§ **Task to carry out**: In the entries below, find the line containing "proof (rule card_le_if_no_sorted_list)" and the line containing "proof (rule walk_last_in_closed_set[OF". Copy those two lines and everything between them exactly, and only that.

────────────────────────────────────────

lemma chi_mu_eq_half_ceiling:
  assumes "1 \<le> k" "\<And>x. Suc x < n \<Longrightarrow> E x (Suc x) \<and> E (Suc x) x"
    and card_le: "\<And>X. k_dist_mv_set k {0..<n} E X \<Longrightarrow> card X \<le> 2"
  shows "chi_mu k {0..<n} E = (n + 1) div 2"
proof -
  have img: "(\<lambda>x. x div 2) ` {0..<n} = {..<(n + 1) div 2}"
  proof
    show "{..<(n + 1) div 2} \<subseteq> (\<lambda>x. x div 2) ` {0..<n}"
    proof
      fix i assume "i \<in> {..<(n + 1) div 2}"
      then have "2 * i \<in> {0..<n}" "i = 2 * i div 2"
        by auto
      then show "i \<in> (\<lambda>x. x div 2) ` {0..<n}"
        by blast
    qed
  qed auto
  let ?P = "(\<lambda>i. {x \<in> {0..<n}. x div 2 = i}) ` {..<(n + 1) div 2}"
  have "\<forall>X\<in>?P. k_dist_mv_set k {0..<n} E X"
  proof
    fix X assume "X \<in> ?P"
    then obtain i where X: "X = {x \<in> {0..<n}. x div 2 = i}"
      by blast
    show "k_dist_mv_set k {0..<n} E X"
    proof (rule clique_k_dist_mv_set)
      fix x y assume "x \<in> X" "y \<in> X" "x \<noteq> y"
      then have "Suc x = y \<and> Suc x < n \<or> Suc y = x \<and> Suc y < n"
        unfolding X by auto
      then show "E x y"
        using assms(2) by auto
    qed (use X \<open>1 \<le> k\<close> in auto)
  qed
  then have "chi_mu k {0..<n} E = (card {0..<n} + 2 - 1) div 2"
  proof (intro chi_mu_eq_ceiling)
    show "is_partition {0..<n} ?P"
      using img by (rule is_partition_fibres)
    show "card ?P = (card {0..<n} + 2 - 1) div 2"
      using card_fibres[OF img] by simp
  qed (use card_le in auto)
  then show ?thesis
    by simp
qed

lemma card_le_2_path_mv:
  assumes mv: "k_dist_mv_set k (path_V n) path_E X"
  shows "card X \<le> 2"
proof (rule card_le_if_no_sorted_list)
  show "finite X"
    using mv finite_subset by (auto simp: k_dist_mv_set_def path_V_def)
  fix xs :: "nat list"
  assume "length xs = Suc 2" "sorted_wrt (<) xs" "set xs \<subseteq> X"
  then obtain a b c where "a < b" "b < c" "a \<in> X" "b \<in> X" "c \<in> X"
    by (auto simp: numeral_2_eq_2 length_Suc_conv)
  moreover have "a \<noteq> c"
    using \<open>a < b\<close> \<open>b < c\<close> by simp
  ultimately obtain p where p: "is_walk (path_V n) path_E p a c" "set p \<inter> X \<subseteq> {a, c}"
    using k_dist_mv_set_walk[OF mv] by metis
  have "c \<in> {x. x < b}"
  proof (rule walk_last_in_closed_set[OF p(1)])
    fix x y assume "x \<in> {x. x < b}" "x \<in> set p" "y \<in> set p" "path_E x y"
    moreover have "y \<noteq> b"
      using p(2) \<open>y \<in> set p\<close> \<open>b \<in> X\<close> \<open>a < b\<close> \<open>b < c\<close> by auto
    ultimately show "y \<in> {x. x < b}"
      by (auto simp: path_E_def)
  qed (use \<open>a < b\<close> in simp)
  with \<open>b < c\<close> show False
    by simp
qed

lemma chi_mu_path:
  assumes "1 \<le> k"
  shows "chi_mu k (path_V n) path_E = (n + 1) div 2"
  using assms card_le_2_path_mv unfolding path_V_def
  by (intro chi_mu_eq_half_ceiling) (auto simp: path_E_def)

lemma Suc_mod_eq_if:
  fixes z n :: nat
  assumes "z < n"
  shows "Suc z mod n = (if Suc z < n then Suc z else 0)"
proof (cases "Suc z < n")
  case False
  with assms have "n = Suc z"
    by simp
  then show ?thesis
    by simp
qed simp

────────────────────────────────────────

§ **Answer**:
proof (rule card_le_if_no_sorted_list)
  show "finite X"
    using mv finite_subset by (auto simp: k_dist_mv_set_def path_V_def)
  fix xs :: "nat list"
  assume "length xs = Suc 2" "sorted_wrt (<) xs" "set xs \<subseteq> X"
  then obtain a b c where "a < b" "b < c" "a \<in> X" "b \<in> X" "c \<in> X"
    by (auto simp: numeral_2_eq_2 length_Suc_conv)
  moreover have "a \<noteq> c"
    using \<open>a < b\<close> \<open>b < c\<close> by simp
  ultimately obtain p where p: "is_walk (path_V n) path_E p a c" "set p \<inter> X \<subseteq> {a, c}"
    using k_dist_mv_set_walk[OF mv] by metis
  have "c \<in> {x. x < b}"
  proof (rule walk_last_in_closed_set[OF p(1)])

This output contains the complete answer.